**PROVIDED RECORDS**
(* Let $(G,M,\Delta)$ be a Garside structure, $(H,N,\delta)$ a parabolic substructure, and $T$ the set of $(H,N)$-reduced elements of $G$. Let $c\in T\cap M$ and $\beta\in H$, and let $\beta=b_2^{-1}b_1$ be the left orthogonal form of $\beta$. Then $b_2\wedge_L(b_1c)=1$, and therefore $b_2^{-1}(b_1c)$ is the left orthogonal form of $\beta c$.
   Context: Let $G$ be a group and $M$ a submonoid with $M\cap M^{-1}=\{1\}$. Define $\alpha\le_L\beta$ iff $\alpha^{-1}\beta\in M$, and $\alpha\le_R\beta$ iff $\beta\alpha^{-1}\in M$. For $a\in M$ let $\mathrm{Div}_L(a)=\{b\in M: b\le_L a\}$, $\mathrm{Div}_R(a)=\{b\in M: b\le_R a\}$; $a$ is balanced if these coincide, and then $\mathrm{Div}(a)$ denotes this set. $M$ is Noetherian if each $a\in M$ admits an $n$ such that $a$ is not a product of more than $n$ non-trivial factors. A Garside structure $(G,M,\Delta)$: $\Delta\in M$ balanced, $M$ Noetherian, $\mathrm{Div}(\Delta)$ finite and generating $M$ as a monoid and $G$ as a group, $(G,\le_L)$ a lattice with meet $\wedge_L$. A parabolic substructure $(H,N,\delta)$: $\delta\in M$ balanced, $H$ (resp. $N$) the subgroup (resp. submonoid) generated by $\mathrm{Div}(\delta)$, and $\mathrm{Div}(\delta)=\mathrm{Div}(\Delta)\cap N$; it is assumed $H\ne\{1\}$. Put $\omega=\delta^{-1}\Delta$. $a\in M$ is unmovable if $\Delta\not\le_L a$; every $\alpha\in G$ has a unique right $\Delta$-form $\alpha=a\Delta^p$ ($a\in M$ unmovable, $p\in\mathbb Z$). $a\in M$ is $N$-reduced if $a\wedge_L\delta=1$. $\alpha$ with right $\Delta$-form $a\Delta^p$ is $(H,N)$-reduced if $a$ is $N$-reduced and either $p=0$, or $p<0$ and $\omega\not\le_L a$. Every $\alpha\in G$ can be written uniquely as $\alpha=b^{-1}a$ with $a,b\in M$ and $a\wedge_L b=1$; this is its left orthogonal form. *)

theory Defs
  imports "HOL-Algebra.Algebra"
begin

definition leL :: "('a, 'b) monoid_scheme \<Rightarrow> 'a set \<Rightarrow> 'a \<Rightarrow> 'a \<Rightarrow> bool" where
  "leL G M x y \<longleftrightarrow> inv\<^bsub>G\<^esub> x \<otimes>\<^bsub>G\<^esub> y \<in> M"

definition leR :: "('a, 'b) monoid_scheme \<Rightarrow> 'a set \<Rightarrow> 'a \<Rightarrow> 'a \<Rightarrow> bool" where
  "leR G M x y \<longleftrightarrow> y \<otimes>\<^bsub>G\<^esub> inv\<^bsub>G\<^esub> x \<in> M"

definition DivL :: "('a, 'b) monoid_scheme \<Rightarrow> 'a set \<Rightarrow> 'a \<Rightarrow> 'a set" where
  "DivL G M a = {b \<in> M. leL G M b a}"

definition DivR :: "('a, 'b) monoid_scheme \<Rightarrow> 'a set \<Rightarrow> 'a \<Rightarrow> 'a set" where
  "DivR G M a = {b \<in> M. leR G M b a}"

definition balanced :: "('a, 'b) monoid_scheme \<Rightarrow> 'a set \<Rightarrow> 'a \<Rightarrow> bool" where
  "balanced G M a \<longleftrightarrow> a \<in> M \<and> DivL G M a = DivR G M a"

text \<open>Div(a), used for balanced a.\<close>
abbreviation Div :: "('a, 'b) monoid_scheme \<Rightarrow> 'a set \<Rightarrow> 'a \<Rightarrow> 'a set" where
  "Div G M a \<equiv> DivL G M a"

definition noetherian :: "('a, 'b) monoid_scheme \<Rightarrow> 'a set \<Rightarrow> bool" where
  "noetherian G M \<longleftrightarrow> (\<forall>a\<in>M. \<exists>n::nat. \<forall>xs.
      set xs \<subseteq> M - {\<one>\<^bsub>G\<^esub>} \<and> foldr (\<lambda>x y. x \<otimes>\<^bsub>G\<^esub> y) xs \<one>\<^bsub>G\<^esub> = a \<longrightarrow> length xs \<le> n)"

inductive_set mon_gen :: "('a, 'b) monoid_scheme \<Rightarrow> 'a set \<Rightarrow> 'a set"
  for G and S where
    one: "\<one>\<^bsub>G\<^esub> \<in> mon_gen G S"
  | incl: "s \<in> S \<Longrightarrow> s \<in> mon_gen G S"
  | mult: "x \<in> mon_gen G S \<Longrightarrow> y \<in> mon_gen G S \<Longrightarrow> x \<otimes>\<^bsub>G\<^esub> y \<in> mon_gen G S"

definition leL_lattice :: "('a, 'b) monoid_scheme \<Rightarrow> 'a set \<Rightarrow> bool" where
  "leL_lattice G M \<longleftrightarrow> (\<forall>x\<in>carrier G. \<forall>y\<in>carrier G.
     (\<exists>m\<in>carrier G. leL G M m x \<and> leL G M m y \<and>
        (\<forall>d\<in>carrier G. leL G M d x \<and> leL G M d y \<longrightarrow> leL G M d m)) \<and>
     (\<exists>j\<in>carrier G. leL G M x j \<and> leL G M y j \<and>
        (\<forall>u\<in>carrier G. leL G M x u \<and> leL G M y u \<longrightarrow> leL G M j u)))"

definition meetL :: "('a, 'b) monoid_scheme \<Rightarrow> 'a set \<Rightarrow> 'a \<Rightarrow> 'a \<Rightarrow> 'a" where
  "meetL G M x y = (THE m. m \<in> carrier G \<and> leL G M m x \<and> leL G M m y \<and>
        (\<forall>d\<in>carrier G. leL G M d x \<and> leL G M d y \<longrightarrow> leL G M d m))"

definition garside_structure :: "('a, 'b) monoid_scheme \<Rightarrow> 'a set \<Rightarrow> 'a \<Rightarrow> bool" where
  "garside_structure G M \<Delta> \<longleftrightarrow>
     group G \<and> submonoid M G \<and> {x \<in> M. inv\<^bsub>G\<^esub> x \<in> M} = {\<one>\<^bsub>G\<^esub>} \<and>
     balanced G M \<Delta> \<and> noetherian G M \<and> finite (Div G M \<Delta>) \<and>
     mon_gen G (Div G M \<Delta>) = M \<and> generate G (Div G M \<Delta>) = carrier G \<and>
     leL_lattice G M"

definition parabolic_substructure ::
  "('a, 'b) monoid_scheme \<Rightarrow> 'a set \<Rightarrow> 'a \<Rightarrow> 'a set \<Rightarrow> 'a set \<Rightarrow> 'a \<Rightarrow> bool" where
  "parabolic_substructure G M \<Delta> H N \<delta> \<longleftrightarrow>
     balanced G M \<delta> \<and> H = generate G (Div G M \<delta>) \<and> N = mon_gen G (Div G M \<delta>) \<and>
     Div G M \<delta> = Div G M \<Delta> \<inter> N \<and> H \<noteq> {\<one>\<^bsub>G\<^esub>}"

definition unmovable :: "('a, 'b) monoid_scheme \<Rightarrow> 'a set \<Rightarrow> 'a \<Rightarrow> 'a \<Rightarrow> bool" where
  "unmovable G M \<Delta> a \<longleftrightarrow> a \<in> M \<and> \<not> leL G M \<Delta> a"

definition right_delta_form :: "('a, 'b) monoid_scheme \<Rightarrow> 'a set \<Rightarrow> 'a \<Rightarrow> 'a \<Rightarrow> 'a \<Rightarrow> int \<Rightarrow> bool" where
  "right_delta_form G M \<Delta> \<alpha> a p \<longleftrightarrow> unmovable G M \<Delta> a \<and> \<alpha> = a \<otimes>\<^bsub>G\<^esub> (\<Delta> [^]\<^bsub>G\<^esub> p)"

definition N_reduced :: "('a, 'b) monoid_scheme \<Rightarrow> 'a set \<Rightarrow> 'a \<Rightarrow> 'a \<Rightarrow> bool" where
  "N_reduced G M \<delta> a \<longleftrightarrow> a \<in> M \<and> meetL G M a \<delta> = \<one>\<^bsub>G\<^esub>"

text \<open>The set T of (H,N)-reduced elements; omega = delta^{-1} Delta.\<close>
definition HN_reduced_set :: "('a, 'b) monoid_scheme \<Rightarrow> 'a set \<Rightarrow> 'a \<Rightarrow> 'a \<Rightarrow> 'a set" where
  "HN_reduced_set G M \<Delta> \<delta> = {\<alpha> \<in> carrier G. \<exists>a p. right_delta_form G M \<Delta> \<alpha> a p \<and>
      N_reduced G M \<delta> a \<and>
      (p = 0 \<or> (p < 0 \<and> \<not> leL G M (inv\<^bsub>G\<^esub> \<delta> \<otimes>\<^bsub>G\<^esub> \<Delta>) a))}"

definition left_orth_form :: "('a, 'b) monoid_scheme \<Rightarrow> 'a set \<Rightarrow> 'a \<Rightarrow> 'a \<Rightarrow> 'a \<Rightarrow> bool" where
  "left_orth_form G M \<alpha> b a \<longleftrightarrow> a \<in> M \<and> b \<in> M \<and> \<alpha> = inv\<^bsub>G\<^esub> b \<otimes>\<^bsub>G\<^esub> a \<and>
     meetL G M a b = \<one>\<^bsub>G\<^esub>"

end

theory Submission
  imports Defs
begin

text \<open>
  Elements of the parabolic subgroup \<open>H\<close> are fractions \<open>x\<inverse> y\<close> with \<open>x, y \<in> N\<close>. If
  \<open>\<beta> = b2\<inverse> b1\<close> is orthogonal, then \<open>g = x b2\<inverse>\<close> satisfies \<open>g b2 = x\<close>, \<open>g b1 = y\<close>, so by left
  invariance of the meet \<open>g = x \<and> y\<close> lies in \<open>M\<close> below a power of \<open>\<delta>\<close>. Every element of \<open>M\<close>
  below a power of \<open>\<delta>\<close> lies in \<open>N\<close> (Noetherian induction over atoms: an atom of \<open>\<Delta>\<close> below
  \<open>\<delta>\<^sup>k\<close> is below \<open>\<delta>\<close>), and \<open>N\<close> is closed under left cancellation, so \<open>b1, b2 \<in> N\<close>.
  An \<open>(H,N)\<close>-reduced element \<open>c\<close> of \<open>M\<close> has \<open>\<Delta>\<close>-exponent \<open>0\<close>, hence \<open>c \<and> \<delta> = 1\<close>. If
  \<open>b2 \<and> b1 c \<noteq> 1\<close>, this meet lies in \<open>N\<close> and so is above an atom \<open>s \<noteq> 1\<close> of \<open>\<delta>\<close>; since
  also \<open>\<delta> \<le> b1 \<delta>\<close>, we get \<open>s \<le> b1 c \<and> b1 \<delta> = b1 (c \<and> \<delta>) = b1\<close> and \<open>s \<le> b2\<close>,
  contradicting \<open>b1 \<and> b2 = 1\<close>.
\<close>

lemma (in group) inv_mult_cancel_left [simp]:
  "x \<in> carrier G \<Longrightarrow> y \<in> carrier G \<Longrightarrow> inv x \<otimes> (x \<otimes> y) = y"
  by (simp add: m_assoc[symmetric])

lemma (in group) mult_inv_cancel_left [simp]:
  "x \<in> carrier G \<Longrightarrow> y \<in> carrier G \<Longrightarrow> x \<otimes> (inv x \<otimes> y) = y"
  by (simp add: m_assoc[symmetric])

**EXERCISE**
Restate precisely, and with nothing added, the lines from the one with "G \<Longrightarrow> x" through the final line of the material.

**EXERCISE RESPONSE**
  "x \<in> carrier G \<Longrightarrow> y \<in> carrier G \<Longrightarrow> x \<otimes> (inv x \<otimes> y) = y"
  by (simp add: m_assoc[symmetric])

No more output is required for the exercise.